And yet, sometimes they ask the very best questions.

This past week during my lecture on leadership at Temple Dental, a student raised his hand and asked:

“Where do you draw the line between friendship and leadership when it comes to staff?” 

Wow.

What a complex question.
And what a very smart one.

But it’s also the kind of question many practicing dentists quietly struggle with every day.

The Situation Many Dentists Eventually Face

I’ve seen this scenario play out many times.

An associate dentist joins a practice and works alongside the team for years. Friendships develop naturally. They celebrate birthdays together. They share lunch. They commiserate about difficult patients.

Then one day something changes.

The associate becomes the owner.

Suddenly the dynamic shifts.

The dentist who once stood shoulder-to-shoulder with the team now has to make decisions about policies, schedules, financial arrangements, and sometimes uncomfortable conversations about performance.

And that’s when the tension begins.

The friendships that once felt easy can suddenly become complicated. The dentist hesitates to correct behavior. Team members resist changes proposed by someone they still see as “one of us.”

What results is something far more dangerous than conflict.

It’s a leadership vacuum.

And nature abhors a vacuum.

When leadership is unclear, confusion fills the space. Standards drift. Frustration builds quietly beneath the surface.

The “Family” Trap

I’ve also seen this play out when practice owners begin thinking of their team as “family.”

At first, it sounds admirable. It suggests loyalty, warmth, and closeness. And in many ways, a great practice culture should feel supportive and connected.

But the metaphor can quietly create problems.

Because the truth is this:

Your team is not your family.

Family members remain family regardless of performance. Your brother doesn’t get fired for being late to Thanksgiving dinner. Your sister doesn’t lose her place in the family because she forgot to bring dessert.

A dental practice doesn’t work that way.

A dental practice is a professional organization built around avision and mission—to care for patients, deliver excellent clinical outcomes, and sustain a healthy business that allows everyone involved to thrive.
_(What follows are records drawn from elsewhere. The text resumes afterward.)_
lemma rank_in_less_iff:
  assumes "finite A" "x \<in> A" "y \<in> A"
  shows "rank_in A x < rank_in A y \<longleftrightarrow> x < y"
proof
  assume "x < y"
  then have "{z \<in> A. z < x} \<subset> {z \<in> A. z < y}" using assms(2) by auto
  then show "rank_in A x < rank_in A y" unfolding rank_in_def using assms(1) by (simp add: psubset_card_mono)
next
  assume "rank_in A x < rank_in A y"
  moreover have "rank_in A y \<le> rank_in A x" if "y \<le> x"
    unfolding rank_in_def using assms(1) that by (intro card_mono) auto
  ultimately show "x < y" by force
qed

lemma bij_betw_rank_in:
  assumes "finite A"
  shows "bij_betw (rank_in A) A {0..<card A}"
proof -
  have inj: "inj_on (rank_in A) A"
    by (rule inj_onI) (metis assms rank_in_less_iff linorder_neq_iff less_irrefl)
  have "rank_in A x < card A" if "x \<in> A" for x
    unfolding rank_in_def using assms that by (intro psubset_card_mono) auto
  then have "rank_in A ` A \<subseteq> {0..<card A}" by auto
  then have "rank_in A ` A = {0..<card A}"
    by (rule card_subset_eq[rotated]) (simp_all add: card_image[OF inj])
  then show ?thesis using inj by (simp add: bij_betw_def)
qed

definition vertex_code :: "perm list set \<Rightarrow> perm \<Rightarrow> nat" where
  "vertex_code F = (SOME E. bij_betw E (verts F) {0..<card (verts F)})"

lemma bij_betw_vertex_code:
  assumes "finite (verts F)"
  shows "bij_betw (vertex_code F) (verts F) {0..<card (verts F)}"
  unfolding vertex_code_def by (rule someI_ex[OF ex_bij_betw_finite_nat[OF assms]])

definition flip_type :: "nat \<Rightarrow> nat \<Rightarrow> perm list set \<Rightarrow>
    nat \<times> nat \<times> (nat list \<times> nat list \<times> nat list list) set" where
  "flip_type n h F = (card (verts F), card (labels F),
     (\<lambda>G. (map (vertex_code F) G, map (rank_in (labels F)) (label_seq G),
           map (\<lambda>i. map (vertex_code F) (flip_op n i G)) [1..<h])) ` F)"

lemma flip_type_partner:
  assumes "flip_type n h F = flip_type m h F'" "G \<in> F"
  obtains G' where "G' \<in> F'" "map (vertex_code F') G' = map (vertex_code F) G"
    "map (rank_in (labels F')) (label_seq G') = map (rank_in (labels F)) (label_seq G)"
    "\<And>i. 1 \<le> i \<Longrightarrow> i < h \<Longrightarrow> map (vertex_code F') (flip_op m i G') = map (vertex_code F) (flip_op n i G)"
proof -
  from assms obtain G' where G': "G' \<in> F'"
    "(map (vertex_code F) G, map (rank_in (labels F)) (label_seq G),
      map (\<lambda>i. map (vertex_code F) (flip_op n i G)) [1..<h]) =
     (map (vertex_code F') G', map (rank_in (labels F')) (label_seq G'),
      map (\<lambda>i. map (vertex_code F') (flip_op m i G')) [1..<h])"
    unfolding flip_type_def by (metis (no_types, lifting) image_iff prod.inject)
  then show thesis by (intro that[of G']) (auto simp: map_eq_conv)
qed

lemma flipclass_codes:
  assumes "flipclass n h F"
  shows "bij_betw (vertex_code F) (verts F) {0..<card (verts F)}"
    "bij_betw (rank_in (labels F)) (labels F) {0..<card (labels F)}"
  using bij_betw_vertex_code bij_betw_rank_in flipclass_verts_bound[OF assms] flipclass_labels_bound[OF assms]
  by blast+

definition vertex_transfer :: "perm list set \<Rightarrow> perm list set \<Rightarrow> perm \<Rightarrow> perm" where
  "vertex_transfer F F' = inv_into (verts F') (vertex_code F') \<circ> vertex_code F"

definition label_transfer :: "perm list set \<Rightarrow> perm list set \<Rightarrow> nat \<times> nat \<Rightarrow> nat \<times> nat" where
  "label_transfer F F' = inv_into (labels F') (rank_in (labels F')) \<circ> rank_in (labels F)"

lemma map_inv_into_comp_eq:
  assumes "bij_betw E' V' W" "set xs' \<subseteq> V'" "map E' xs' = map E xs"
  shows "map (inv_into V' E' \<circ> E) xs = xs'"
proof -
  have "map (inv_into V' E' \<circ> E) xs = map (inv_into V' E') (map E' xs')"
    by (simp add: assms(3) flip: map_map)
  also have "\<dots> = xs'"
    using assms(1,2) by (auto simp: bij_betw_def map_idI subset_iff inv_into_f_f)
  finally show ?thesis .
qed

context
  fixes n m h :: nat and F F' :: "perm list set"
  assumes F: "flipclass n h F" and F': "flipclass m h F'"
    and eq: "flip_type n h F = flip_type m h F'"
begin

lemma card_verts_labels_eq: "card (verts F') = card (verts F)" "card (labels F') = card (labels F)"
  using eq by (simp_all add: flip_type_def)

lemma flipclass_codes':
  "bij_betw (vertex_code F') (verts F') {0..<card (verts F)}"
  "bij_betw (rank_in (labels F')) (labels F') {0..<card (labels F)}"
  using flipclass_codes[OF F'] by (simp_all add: card_verts_labels_eq)

lemma bij_betw_vertex_transfer: "bij_betw (vertex_transfer F F') (verts F) (verts F')"
  unfolding vertex_transfer_def
  by (rule bij_betw_trans[OF flipclass_codes(1)[OF F] bij_betw_inv_into[OF flipclass_codes'(1)]])

lemma bij_betw_label_transfer: "bij_betw (label_transfer F F') (labels F) (labels F')"
  unfolding label_transfer_def
  by (rule bij_betw_trans[OF flipclass_codes(2)[OF F] bij_betw_inv_into[OF flipclass_codes'(2)]])

lemma label_transfer_lex_less:
  assumes st: "s \<in> labels F" "t \<in> labels F" "lex_less s t"
  shows "lex_less (label_transfer F F' s) (label_transfer F F' t)"
proof -
  let ?R = "rank_in (labels F)" and ?R' = "rank_in (labels F')"
  have fin: "finite (labels F)" "finite (labels F')" using flipclass_labels_bound F F' by blast+
  have rank_transfer: "?R' (label_transfer F F' r) = ?R r" if "r \<in> labels F" for r
    using flipclass_codes'(2) bij_betw_apply[OF flipclass_codes(2)[OF F] that] unfolding label_transfer_def
    by (simp add: bij_betw_def f_inv_into_f)
  have "?R s < ?R t" using st rank_in_less_iff[OF fin(1)] by (simp add: lex_less_iff_less)
  then have "?R' (label_transfer F F' s) < ?R' (label_transfer F F' t)" using st rank_transfer by simp
  then show ?thesis
    using rank_in_less_iff[OF fin(2)] bij_betw_apply[OF bij_betw_label_transfer] st
    by (simp add: lex_less_iff_less)
qed

lemma vertex_transfer_path:
  assumes G: "G \<in> F"
  shows "map (vertex_transfer F F') G \<in> F'"
    "label_seq (map (vertex_transfer F F') G) = map (label_transfer F F') (label_seq G)"
    "1 \<le> i \<Longrightarrow> i < h \<Longrightarrow>
       map (vertex_transfer F F') (flip_op n i G) = flip_op m i (map (vertex_transfer F F') G)"
proof -
  note E' = flipclass_codes'(1) and R' = flipclass_codes'(2)
  obtain G' where G': "G' \<in> F'" "map (vertex_code F') G' = map (vertex_code F) G"
    "map (rank_in (labels F')) (label_seq G') = map (rank_in (labels F)) (label_seq G)"
    "\<And>i. 1 \<le> i \<Longrightarrow> i < h \<Longrightarrow>
       map (vertex_code F') (flip_op m i G') = map (vertex_code F) (flip_op n i G)"
    using flip_type_partner[OF eq G] by blast
  have verts': "set G'' \<subseteq> verts F'" if "G'' \<in> F'" for G'' using that by (auto simp: verts_def)
  have fG: "map (vertex_transfer F F') G = G'"
    unfolding vertex_transfer_def by (rule map_inv_into_comp_eq[OF E' verts'[OF G'(1)] G'(2)])
  then show "map (vertex_transfer F F') G \<in> F'" using G'(1) by simp
  have "map (label_transfer F F') (label_seq G) = label_seq G'"
    unfolding label_transfer_def using G'(1)
    by (intro map_inv_into_comp_eq[OF R' _ G'(3)]) (auto simp: labels_def)
  then show "label_seq (map (vertex_transfer F F') G) = map (label_transfer F F') (label_seq G)"
    by (simp add: fG)
  assume i: "1 \<le> i" "i < h"
  show "map (vertex_transfer F F') (flip_op n i G) = flip_op m i (map (vertex_transfer F F') G)"
    unfolding fG unfolding vertex_transfer_def
    by (rule map_inv_into_comp_eq[OF E' verts'[OF flipclass_flip_op[OF F' G'(1) i]] G'(4)[OF i]])
qed
lemma monomial_expansion_mult_term:
  assumes f: "monomial_expansion V d f" and \<mu>: "monomial_in V d \<mu>"
  shows "monomial_expansion V d (\<lambda>q. f q * (of_rat r * monomial_at \<mu> q))"
proof -
  obtain M c where M: "finite M" "\<forall>m\<in>M. monomial_in V d m"
    "\<forall>q. f q = (\<Sum>m\<in>M. of_rat (c m) * monomial_at m q)"
    using f unfolding monomial_expansion_def by blast
  have inj: "inj_on (\<lambda>m. m + \<mu>) M" by (rule inj_onI) (simp add: fun_eq_iff)
  define c' where "c' m' = c (m' - \<mu>) * r" for m'
  have "f q * (of_rat r * monomial_at \<mu> q)
      = (\<Sum>m\<in>M. of_rat (c' (m + \<mu>)) * monomial_at (m + \<mu>) q)" for q
    using M \<mu> unfolding c'_def monomial_in_def
    by (simp add: sum_distrib_left monomial_at_add of_rat_mult mult_ac)
  also have "\<dots> q = (\<Sum>m'\<in>(\<lambda>m. m + \<mu>) ` M. of_rat (c' m') * monomial_at m' q)" for q
    by (simp add: sum.reindex[OF inj])
  finally show ?thesis
    unfolding monomial_expansion_def using M \<mu>
    by (intro exI[of _ "(\<lambda>m. m + \<mu>) ` M"] exI[of _ c']) (auto intro: monomial_in_add)
qed

lemma monomial_expansion_mult:
  assumes f: "monomial_expansion V d f" and g: "monomial_expansion V d g"
  shows "monomial_expansion V d (\<lambda>q. f q * g q)"
proof -
  obtain M c where M: "finite M" "\<forall>m\<in>M. monomial_in V d m"
    "\<forall>q. g q = (\<Sum>m\<in>M. of_rat (c m) * monomial_at m q)"
    using g unfolding monomial_expansion_def by blast
  have "monomial_expansion V d (\<lambda>q. \<Sum>m\<in>M. f q * (of_rat (c m) * monomial_at m q))"
    using M by (intro monomial_expansion_sum monomial_expansion_mult_term[OF f]) auto
  then show ?thesis using M(3) by (simp add: sum_distrib_left)
qed

lemma coord_poly_monomial_expansion: "coord_poly V d f \<Longrightarrow> monomial_expansion V d f"
proof (induction rule: coord_poly.induct)
  case (coord_poly_const r)
  show ?case
    using monomial_expansion_term[of V d 0 r] by (simp add: monomial_in_def monomial_at_def)
next
  case (coord_poly_coord v i)
  let ?m = "\<lambda>j. if j = (v, i) then 1 else 0 :: nat"
  have "{j. ?m j \<noteq> 0} = {(v, i)}" by auto
  then have "monomial_in V d ?m" "monomial_at ?m q = q v i" for q
    using coord_poly_coord by (simp_all add: monomial_in_def monomial_at_def)
  then show ?case using monomial_expansion_term[of V d ?m 1] by simp
qed (simp_all add: monomial_expansion_add monomial_expansion_mult)
text \<open>Weights \<open>k > n/2\<close> are reduced to \<open>n - k\<close> by flipping all letters, which commutes with \<open>\<triangle>\<close>.\<close>
lemma shifted_prod_delta_op_weight_supp:
  assumes n: "2 \<le> n" and k: "k \<le> n" and w: "weight_supp n k z"
  shows "shifted_prod (delta_op n) (map (beta n) (n # [(n+1) div 2..<n])) z = (\<lambda>u. 0)"
proof (cases "2 * k \<le> n")
  case True then show ?thesis using shifted_prod_delta_op_low_weight[OF n True w] by simp
next
  case False
  let ?T = "map (beta n) (n # [(n+1) div 2..<n])"
  have w': "weight_supp n (n - k) (flip_op n z)" by (rule weight_supp_flip_op[OF w k])
  have "2 * (n - k) \<le> n" using False by linarith
  then have 0: "shifted_prod (delta_op n) ?T (flip_op n z) = (\<lambda>u. 0)" by (rule shifted_prod_delta_op_low_weight[OF n _ w'])
  have wp: "weight_supp n k (shifted_prod (delta_op n) ?T z)" by (rule weight_supp_shifted_prod[OF weight_supp_delta_op w])
  then have sp: "bin_supp n (shifted_prod (delta_op n) ?T z)" by (auto simp: weight_supp_def bin_supp_def)
  have "shifted_prod (delta_op n) ?T z = flip_op n (flip_op n (shifted_prod (delta_op n) ?T z))" using flip_op_flip_op[OF sp] by simp
  also have "\<dots> = flip_op n (shifted_prod (delta_op n) ?T (flip_op n z))" by (simp only: shifted_prod_flip_op)
  also have "\<dots> = (\<lambda>u. 0)" unfolding 0 by (simp add: flip_op_def)
  finally show ?thesis .
qed

definition weight_part :: "nat \<Rightarrow> nat \<Rightarrow> (nat list \<Rightarrow> complex) \<Rightarrow> nat list \<Rightarrow> complex" where
  "weight_part n k z = (\<lambda>u. if u \<in> bin_words n \<and> weight u = k then z u else 0)"

lemma weight_supp_weight_part: "weight_supp n k (weight_part n k z)"
  by (simp add: weight_supp_def weight_part_def)

lemma sum_weight_part:
  assumes "bin_supp n z"
  shows "z = (\<lambda>u. \<Sum>k\<in>{..n}. weight_part n k z u)"
proof (rule ext)
  fix u
  show "z u = (\<Sum>k\<in>{..n}. weight_part n k z u)"
  proof (cases "u \<in> bin_words n")
    case True
    have "(\<Sum>k\<in>{..n}. weight_part n k z u) = (\<Sum>k\<in>{..n}. if weight u = k then z u else 0)"
      using True by (simp add: weight_part_def)
    also have "\<dots> = z u" using weight_le[OF True] by (simp add: sum.delta)
    finally show ?thesis by simp
  next
    case False then show ?thesis using assms by (simp add: weight_part_def bin_supp_def)
  qed
qed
And that requires boundaries and clearly articulated values.

I’ve seen situations where owners became so emotionally intertwined with certain team members that accountability became nearly impossible. When performance problems arose, difficult conversations were avoided. Standards were quietly lowered.

Other team members noticed.

The culture slowly eroded.

Ironically, the attempt to treat the team like family often ends up harming the very team the leader was trying to protect.

Here’s a simple test I often share with dentists:

If someone would not continue showing up without a paycheck, they are not family—they are an employee.

That doesn’t make the relationship less meaningful.

In fact, it can make it healthier.

Professional relationships thrive when expectations are clear, standards are fair, and boundaries are respected.

Leadership Begins With Self-Leadership

During the lecture, the principle I emphasized to the students was this:

Before you can lead others, you must first learn to lead yourself.

Self-leadership means holding yourself accountable. It means communicating clearly. It means acting consistently with your values and making decisions based on what serves the mission rather than what feels comfortable in the moment.

That last part is the hard one.

Human beings naturally seek acceptance. We want to be liked. We want harmony.

Leadership sometimes requires risking temporary discomfort in order to protect something larger.

The mission of the practice.

The culture of the team.

The care delivered to patients.

Leadership Is Not About Being Liked

One of the greatest misconceptions about leadership is that it begins with authority.

It doesn’t.

And it certainly isn’t about popularity.

Leadership is about trust.

And trust grows from consistency between words, values, and actions.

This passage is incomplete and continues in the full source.